* _Problem to work on_: For the entries below, print exactly the lines between the line holding "a \<and> \<not>" and the line holding "pairwise disjoint: a", inclusive, and nothing else.

#### Dataset ####

(* Let $a\ge 1$ be an integer and let $S\subseteq\mathbb{F}_2^a$ and $T_a^{(i)}$ be as defined in the context. Then $T_a^{(i)}\cap T_a^{(j)}=\emptyset$ for all $i,j\in S$ with $i\neq j$.
   Context: Elements of $Z_{2^a}=\{0,\dots,2^a-1\}$ are identified with their binary expansions in $\mathbb{F}_2^a$; $\oplus$ is bitwise XOR; for $K\subset Z_{2^a}$, $i\oplus K=\{i\oplus k:k\in K\}$. Let $b=\lfloor\log_2 a\rfloor+1$ (so $2^{b-1}\le a<2^b$) and $m=2^b-a-1$. $T_a$: let $P_a=\{0,2^0,2^1,\dots,2^{a-1}\}$; let $Q_a=\emptyset$ if $a+1$ is a power of 2, and otherwise $Q_a=\{1\oplus 2^{a-m},\dots,1\oplus 2^{a-1}\}$; $T_a=P_a\cup Q_a$, $T_a^{(i)}=i\oplus T_a$. $S$: Let $M_a=\{0<x\le a: x \text{ not a power of } 2\}$, each $x\in M_a$ written $x=\sum_{j=0}^{b-1}x_j2^j$, $x_j\in\{0,1\}$. Define $g(x)=2x$ if $x_{b-1}=0$ and $g(x)=2x+1-2^b$ if $x_{b-1}=1$; let $\tilde M_a=g(M_a)$ and $H_a=\tilde M_a\setminus M_a$. Define $f':\tilde M_a\to M_a$ by $f'(x)=x$ if $x\in M_a\cap\tilde M_a$ and $f'(x)=x+1-2\lceil m/2\rceil$ if $x\in H_a$, and $f=f'\circ g$. Define $h(x)=2^{f(x)-1}+\sum_{j=0}^{b-2}x_j2^{2^{j+1}-1}+x_{b-1}$ for $x\in M_a$, let $M_a'=\{h(x):x\in M_a\}\subseteq Z_{2^a}\cong\mathbb{F}_2^a$, and let $S$ be the $\mathbb{F}_2$-linear span of $M_a'$ in $\mathbb{F}_2^a$. *)

theory Defs
  imports Complex_Main
begin

(* Elements of Z_{2^a} are naturals < 2^a; bitwise XOR is the library's xor on nat. *)

definition bB :: "nat \<Rightarrow> nat" where
  "bB a = nat \<lfloor>log 2 (real a)\<rfloor> + 1"

definition mM :: "nat \<Rightarrow> nat" where
  "mM a = 2 ^ bB a - a - 1"

definition P_set :: "nat \<Rightarrow> nat set" where
  "P_set a = {0} \<union> {2 ^ k | k. k < a}"

definition Q_set :: "nat \<Rightarrow> nat set" where
  "Q_set a = (if (\<exists>k. a + 1 = 2 ^ k) then {}
              else {xor 1 (2 ^ k) | k. a - mM a \<le> k \<and> k \<le> a - 1})"

definition T_set :: "nat \<Rightarrow> nat set" where
  "T_set a = P_set a \<union> Q_set a"

definition T_shift :: "nat \<Rightarrow> nat \<Rightarrow> nat set" where
  "T_shift a i = (\<lambda>t. xor i t) ` T_set a"

definition M_set :: "nat \<Rightarrow> nat set" where
  "M_set a = {x. 0 < x \<and> x \<le> a \<and> \<not> (\<exists>k. x = 2 ^ k)}"

definition g_map :: "nat \<Rightarrow> nat \<Rightarrow> nat" where
  "g_map a x = (if bit x (bB a - 1) then 2 * x + 1 - 2 ^ bB a else 2 * x)"

definition Mt_set :: "nat \<Rightarrow> nat set" where
  "Mt_set a = g_map a ` M_set a"

definition H_set :: "nat \<Rightarrow> nat set" where
  "H_set a = Mt_set a - M_set a"

(* ceil(m/2) = (m+1) div 2 *)
definition f'_map :: "nat \<Rightarrow> nat \<Rightarrow> nat" where
  "f'_map a y = (if y \<in> M_set a then y else y + 1 - 2 * ((mM a + 1) div 2))"

definition f_map :: "nat \<Rightarrow> nat \<Rightarrow> nat" where
  "f_map a x = f'_map a (g_map a x)"

definition h_map :: "nat \<Rightarrow> nat \<Rightarrow> nat" where
  "h_map a x = 2 ^ (f_map a x - 1)
     + (\<Sum>j<bB a - 1. (if bit x j then 2 ^ (2 ^ (j + 1) - 1) else 0))
     + (if bit x (bB a - 1) then 1 else 0)"

definition M'_set :: "nat \<Rightarrow> nat set" where
  "M'_set a = h_map a ` M_set a"

(* F_2-linear span of a set of bit vectors: closure under XOR containing 0 *)
inductive_set xor_span :: "nat set \<Rightarrow> nat set" for A :: "nat set" where
  zero: "0 \<in> xor_span A"
| step: "x \<in> A \<Longrightarrow> s \<in> xor_span A \<Longrightarrow> xor x s \<in> xor_span A"

definition S_set :: "nat \<Rightarrow> nat set" where
  "S_set a = xor_span (M'_set a)"

end

theory Submission
  imports Defs
begin

(* View naturals below 2^a as vectors in F_2^a.  Assign to every
   position p < a a "column" c(p) in {1,...,a} (with c(0) = 2^n, where
   2^n <= a < 2^(n+1)), and let syn(s) be the XOR of the columns c(p) over the
   set bits p of s.  This syndrome map is F_2-linear, so if it vanishes on a
   set S and is injective on T, then the translates i XOR T (i in S) are
   pairwise disjoint: a collision i XOR t1 = j XOR t2 gives syn t1 = syn t2. *)


lemma bit_less_exp: "(s::nat) < 2 ^ n \<Longrightarrow> bit s i \<Longrightarrow> i < n"
  by (metis bit_take_bit_iff take_bit_nat_eq_self_iff)

lemma add_eq_xor_if_disjoint:
  fixes x y :: nat
  assumes "\<And>i. bit x i \<Longrightarrow> \<not> bit y i"
  shows "x + y = xor x y"
  by (rule disjunctive_add_eq_xor) (use assms in \<open>auto simp: bit_eq_iff bit_and_iff\<close>)

lemma add_exp_eq_xor: "(y::nat) < 2 ^ n \<Longrightarrow> 2 ^ n + y = xor (2 ^ n) y"
  by (rule add_eq_xor_if_disjoint) (auto simp: bit_exp_iff dest: bit_less_exp)

lemma bit_top_iff: "(x::nat) < 2 ^ Suc n \<Longrightarrow> bit x n \<longleftrightarrow> 2 ^ n \<le> x"
proof -
  assume "x < 2 ^ Suc n"
  then have "x div 2 ^ n < 2" by (simp add: less_mult_imp_div_less mult.commute)
  then show ?thesis
    by (auto simp: bit_iff_odd less_2_cases_iff div_eq_0_iff)
      (metis One_nat_def div_greater_zero_iff zero_less_one)
qed

lemma take_bit_Suc_xor:
  "take_bit (Suc n) (x::nat) = xor (take_bit n x) (if bit x n then 2 ^ n else 0)"
  by (rule bit_eqI) (auto simp: bit_take_bit_iff bit_xor_iff bit_exp_iff less_Suc_eq)

lemma odd_not_exp: "odd (y::nat) \<Longrightarrow> 1 < y \<Longrightarrow> \<not> (\<exists>k. y = 2 ^ k)"
  by (metis dvd_power gr0I power_0 less_irrefl)
(* Let $G$ be a primitive strongly regular graph with parameters $(v,k,\lambda,\mu)$, and let $s$ be its smallest adjacency eigenvalue. Then $k/|s| > v^{1/6}/2$.
   Context: A graph is strongly regular with parameters $(v,k,\lambda,\mu)$ if it is a $k$-regular graph on $v$ vertices such that each edge lies in exactly $\lambda$ triangles and any two distinct non-adjacent vertices have exactly $\mu$ common neighbours; complete and edgeless graphs are excluded. A strongly regular graph is primitive if both it and its complement are connected. A connected strongly regular graph has, besides $k$, exactly two distinct adjacency eigenvalues $r>0$ and $s<-1$. *)

theory Defs
  imports "HOL-Analysis.Analysis"
begin

definition simple_graph :: "('n \<Rightarrow> 'n \<Rightarrow> bool) \<Rightarrow> bool" where
  "simple_graph E \<longleftrightarrow> (\<forall>x y. E x y \<longrightarrow> E y x) \<and> (\<forall>x. \<not> E x x)"

definition nbrs :: "('n \<Rightarrow> 'n \<Rightarrow> bool) \<Rightarrow> 'n \<Rightarrow> 'n set" where
  "nbrs E x = {y. E x y}"

text \<open>Strongly regular with parameters (v,k,lambda,mu); complete and edgeless graphs excluded.\<close>
definition strongly_regular ::
  "('n::finite \<Rightarrow> 'n \<Rightarrow> bool) \<Rightarrow> nat \<Rightarrow> nat \<Rightarrow> nat \<Rightarrow> nat \<Rightarrow> bool" where
  "strongly_regular E v k l m \<longleftrightarrow>
     simple_graph E \<and> CARD('n) = v \<and>
     (\<forall>x. card (nbrs E x) = k) \<and>
     (\<forall>x y. E x y \<longrightarrow> card (nbrs E x \<inter> nbrs E y) = l) \<and>
     (\<forall>x y. x \<noteq> y \<and> \<not> E x y \<longrightarrow> card (nbrs E x \<inter> nbrs E y) = m) \<and>
     (\<exists>x y. E x y) \<and> (\<exists>x y. x \<noteq> y \<and> \<not> E x y)"
(* Let $1\to N\to G\to\Gamma\to1$ be a short exact sequence of finite groups, with $N\lhd G$ and $\Gamma=G/N$. Then $\mathcal{K}_r^S(G/N)=1$ in the Burnside ring $\Omega(G)$ if and only if, for every prime $p$, the sequence of Sylow subgroups $1\to N_p\to G_p\to\Gamma_p\to1$ splits.
   Context: For a prime $p$ and a Sylow $p$-subgroup $G_p$ of $G$, $N_p=N\cap G_p$ and $\Gamma_p=(G_pN)/N$; a sequence $1\to A\to B\to B/A\to1$ splits if $A$ has a complement in $B$. $\Omega(G)$ is the Burnside ring of $G$ (Grothendieck ring of finite $G$-sets under disjoint union and Cartesian product), with dimension homomorphism $\alpha(X)=|X|$ and regular element $r=G/\{e\}$. $S=\{G/H_1,\dots,G/H_n\}$ where $H_1,\dots,H_n$ is a full set of representatives of the conjugacy classes of subgroups of $G$. For $x\in\Omega(G)$, $S(x)=\{s\in S: s\cdot x\in\mathbb{Z}r\}$, $\mathrm{Ind}(x)=\{m\in\mathbb{Z}: s\cdot x=m r \text{ for some } s\in S(x)\}$, and $\mathcal{K}_r^S(x)=\gcd(\mathrm{Ind}(x))$ (with $\mathcal{K}_r^S(x)=\infty$ if $S(x)=\emptyset$). *)

theory Defs
  imports "HOL-Algebra.Algebra"
begin

definition gset :: "('a, 'b) monoid_scheme \<Rightarrow> 'x set \<Rightarrow> ('a \<Rightarrow> 'x \<Rightarrow> 'x) \<Rightarrow> bool" where
  "gset G U act \<longleftrightarrow> finite U
     \<and> (\<forall>g\<in>carrier G. \<forall>x\<in>U. act g x \<in> U)
     \<and> (\<forall>x\<in>U. act (monoid.one G) x = x)
     \<and> (\<forall>g\<in>carrier G. \<forall>h\<in>carrier G. \<forall>x\<in>U. act (monoid.mult G g h) x = act g (act h x))"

####

* _Written solution_:
  "M_set a = {x. 0 < x \<and> x \<le> a \<and> \<not> (\<exists>k. x = 2 ^ k)}"

definition g_map :: "nat \<Rightarrow> nat \<Rightarrow> nat" where
  "g_map a x = (if bit x (bB a - 1) then 2 * x + 1 - 2 ^ bB a else 2 * x)"

definition Mt_set :: "nat \<Rightarrow> nat set" where
  "Mt_set a = g_map a ` M_set a"

definition H_set :: "nat \<Rightarrow> nat set" where
  "H_set a = Mt_set a - M_set a"

(* ceil(m/2) = (m+1) div 2 *)
definition f'_map :: "nat \<Rightarrow> nat \<Rightarrow> nat" where
  "f'_map a y = (if y \<in> M_set a then y else y + 1 - 2 * ((mM a + 1) div 2))"

definition f_map :: "nat \<Rightarrow> nat \<Rightarrow> nat" where
  "f_map a x = f'_map a (g_map a x)"

definition h_map :: "nat \<Rightarrow> nat \<Rightarrow> nat" where
  "h_map a x = 2 ^ (f_map a x - 1)
     + (\<Sum>j<bB a - 1. (if bit x j then 2 ^ (2 ^ (j + 1) - 1) else 0))
     + (if bit x (bB a - 1) then 1 else 0)"

definition M'_set :: "nat \<Rightarrow> nat set" where
  "M'_set a = h_map a ` M_set a"

(* F_2-linear span of a set of bit vectors: closure under XOR containing 0 *)
inductive_set xor_span :: "nat set \<Rightarrow> nat set" for A :: "nat set" where
  zero: "0 \<in> xor_span A"
| step: "x \<in> A \<Longrightarrow> s \<in> xor_span A \<Longrightarrow> xor x s \<in> xor_span A"

definition S_set :: "nat \<Rightarrow> nat set" where
  "S_set a = xor_span (M'_set a)"

end

theory Submission
  imports Defs
begin

(* View naturals below 2^a as vectors in F_2^a.  Assign to every
   position p < a a "column" c(p) in {1,...,a} (with c(0) = 2^n, where
   2^n <= a < 2^(n+1)), and let syn(s) be the XOR of the columns c(p) over the
   set bits p of s.  This syndrome map is F_2-linear, so if it vanishes on a
   set S and is injective on T, then the translates i XOR T (i in S) are
   pairwise disjoint: a collision i XOR t1 = j XOR t2 gives syn t1 = syn t2. *)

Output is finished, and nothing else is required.